One of Philip K. Dick’s lesser known stories, 1990’s “The Little Black Box,” concerns a machine that can deliver empathy much like today’s virtual reality devices claim. "This is the empathy box, my dear,” a character explains, “when you take hold of these handles you're no longer watching Wilbur Mercer. You're actually participating in his apotheosis. Why, you're feeling what he feels." In Dick’s most famous story, “Do Androids Dream of Electric Sheep” (which later became the movie Blade Runner) the writer references these boxes again. “An empathy box… is the most personal possession you have. It's an extension of your body; it's the way you touch other humans, it's the way you stop being alone.”
It’s striking that these empathy experiences are, in part, meant to stop us from feeling alone because the actual act of engaging in such simulations can be incredibly lonely. We put on a pair of goggles that transport us to a generated world where we step into the body of another human. We never speak to that human, we simply become them. We can’t ask them questions about their favorite hobbies or foods, or what the best route to the grocery store is. We are alone, inside of them, at the mercy of whatever piece of their life the VR designer wants to show us. We’re harassed, beaten, yelled at, chased, hungry, scared, alone. In most of these, nobody helps us. We always seem to be alone, if not literally, then certainly figuratively. Alone facing the world. Wearing goggles.

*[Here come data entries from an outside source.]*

lemma survivor_interval_Suc:
  assumes gx: "{g..x} \<subseteq> survivors a j" "g \<le> x" and x: "x \<in> survivors a (Suc j)"
  shows "{g..x} \<subseteq> survivors a (Suc j)
    \<or> (\<exists>w\<in>{g..x}. (Ta a ^^ Suc j) w = 0 \<and> {w..x} \<subseteq> survivors a (Suc j))"
proof -
  have xI: "(Ta a ^^ j) x \<notin> Ia a"
    using x by (simp add: survivors_Suc)
  have f: "continuous_on {g..x} (Ta a ^^ j)" "strict_mono_on {g..x} (Ta a ^^ j)"
    using survivor_interval_continuous_strict_mono[OF is_interval_cc gx(1)] by simp_all
  have mono: "(Ta a ^^ j) y \<le> (Ta a ^^ j) y'" if "y \<in> {g..x}" "y' \<in> {g..x}" "y \<le> y'" for y y'
    using strict_mono_on_leD[OF f(2)] that by blast
  have extend: "{w..x} \<subseteq> survivors a (Suc j)"
    if "g \<le> w" and avoid: "\<And>y. y \<in> {w..x} \<Longrightarrow> (Ta a ^^ j) y \<notin> Ia a" for w
    using gx that by (auto simp: survivors_Suc)
  show ?thesis
  proof (cases "(Ta a ^^ j) x \<le> hole_start a \<or> 1 \<le> (Ta a ^^ j) g")
    case True
    have "(Ta a ^^ j) y \<notin> Ia a" if "y \<in> {g..x}" for y
      using True mono[of y x] mono[of g y] that gx(2) by (auto simp: mem_Ia_iff)
    then show ?thesis
      using extend[of g] by simp
  next
    case False
    then have "(Ta a ^^ j) g < 1" "1 \<le> (Ta a ^^ j) x"
      using xI by (auto simp: mem_Ia_iff)
    then have "\<exists>w. g \<le> w \<and> w \<le> x \<and> (Ta a ^^ j) w = 1"
      using gx(2) f(1) by (intro IVT') auto
    then obtain w where w: "g \<le> w" "w \<le> x" "(Ta a ^^ j) w = 1" by blast
    have "(Ta a ^^ j) y \<notin> Ia a" if "y \<in> {w..x}" for y
      using mono[of w y] that w by (auto simp: mem_Ia_iff)
    then have "{w..x} \<subseteq> survivors a (Suc j)"
      using extend w(1) by blast
    moreover have "(Ta a ^^ Suc j) w = 0"
      using w(3) by (simp add: Ta_one)
    ultimately show ?thesis
      using w(1,2) by auto
  qed
qed
definition padic_dense :: "'p::prime_card qp set \<Rightarrow> bool" where
  "padic_dense S \<longleftrightarrow> (\<forall>z. \<forall>\<epsilon>>0. \<exists>w\<in>S. qp_abs (w - z) < \<epsilon>)"

definition ratio_set :: "(('r::finite \<Rightarrow> 'p::prime_card zp) \<Rightarrow> 'p qp) \<Rightarrow> 'p qp set" where
  "ratio_set f = {f (\<lambda>i. of_int (x i)) / f (\<lambda>i. of_int (y i)) | x y :: 'r \<Rightarrow> int.
                   f (\<lambda>i. of_int (y i)) \<noteq> 0}"

end

theory Submission
  imports Defs
begin

text \<open>
  Continuity of \<open>f\<close> and the ultrametric inequality make \<open>|f|\<^sub>p\<close> locally constant
  wherever \<open>f\<close> does not vanish, and a locally constant function on the compact space
  \<open>\<int>\<^sub>p\<^sup>r\<close> takes only finitely many values.  As \<open>f\<close> has no zeros, \<open>|f|\<^sub>p\<close> lies between
  two positive bounds \<open>m \<le> M\<close>, so every element of \<open>R(f)\<close> has absolute value at least
  \<open>m / M\<close> and \<open>0\<close> is not in the closure of \<open>R(f)\<close>.
\<close>

lemma card_prime_card_ge_2: "CARD('p::prime_card) \<ge> 2"
  using prime_card prime_ge_2_nat by blast

lemma Rep_zp_bounds: "0 \<le> Rep_zp (x::'p::finite zp) n \<and> Rep_zp x n < int CARD('p) ^ n"
  using Rep_zp[of x] unfolding zp_set_def by blast

lemma Rep_zp_Suc_mod: "Rep_zp (x::'p::finite zp) (Suc n) mod int CARD('p) ^ n = Rep_zp x n"
  using zp_compat_le[OF Rep_zp[of x], of n "Suc n"] by simp
lemma kalton_map_diff:
  assumes "f \<in> S_set A" "g \<in> S_set A"
  shows "kalton_map A (restrict (\<lambda>a. f a - g a) A) = kalton_map A f - kalton_map A g"
proof -
  define T where "T = {a \<in> A. f a \<noteq> 0} \<union> {a \<in> A. g a \<noteq> 0}"
  have T: "finite T" "T \<subseteq> A"
    using assms unfolding T_def S_set_iff by auto
  have "kalton_map A f = sum f T" "kalton_map A g = sum g T"
    by (rule kalton_map_eq_sum; use T in \<open>auto simp: T_def\<close>)+
  moreover have "kalton_map A (restrict (\<lambda>a. f a - g a) A) = sum (restrict (\<lambda>a. f a - g a) A) T"
    by (rule kalton_map_eq_sum) (use T in \<open>auto simp: T_def\<close>)
  ultimately show ?thesis
    using T by (simp add: sum_subtractf subset_iff)
qed

lemma kalton_map_split:
  assumes "f \<in> S_set A" "finite F" "F \<subseteq> A"
  shows "kalton_map A f = (\<Sum>a\<in>F. f a) + kalton_map A (\<lambda>a. if a \<in> F then 0 else f a)"
proof -
  define T where "T = F \<union> {a \<in> A. f a \<noteq> 0}"
  have T: "finite T" "T \<subseteq> A"
    using assms unfolding T_def S_set_iff by auto
  have "kalton_map A f = sum f F + sum f (T - F)"
    using T kalton_map_eq_sum[of T A f] sum.subset_diff[of F T f]
    by (auto simp: T_def add.commute)
  moreover have "kalton_map A (\<lambda>a. if a \<in> F then 0 else f a) = sum f (T - F)"
  proof -
    have "kalton_map A (\<lambda>a. if a \<in> F then 0 else f a) = (\<Sum>a\<in>T - F. if a \<in> F then 0 else f a)"
      by (rule kalton_map_eq_sum) (use T in \<open>auto simp: T_def\<close>)
    then show ?thesis by simp
  qed
  ultimately show ?thesis by simp
qed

Some VR designers and early adopters are aware that they’re playing with fire. In 2016, the Shoah Foundation at the University of Southern California looked into creating VR films to help viewers understand the horrors of the Holocaust, sending a 15-person film crew to Auschwitz and Majdanek to gather footage, including scenes in which viewers could enter a gas chamber. “We don’t actually know whether it’s this empathy machine or whether, if you have an immersive experience, you traumatize your users,” Stephen Smith, executive director of the Shoah Foundation, told The Washington Post. (The Shoah Foundation films screened at a number of film festivals in 2017.) Even Jeremy Bailenson, whose scientific career has largely been based on studying the positive and negative impacts of VR, admits that it’s a medium that lives on a knife edge. “When I think about virtual reality, I think virtual reality is like uranium: It's this really powerful thing. It can heat homes and it can destroy nations. And it's all about how we use it,” he told CNN. In short: we know that VR experiences can, and will, change us. The question is whether they’ll change us for the better.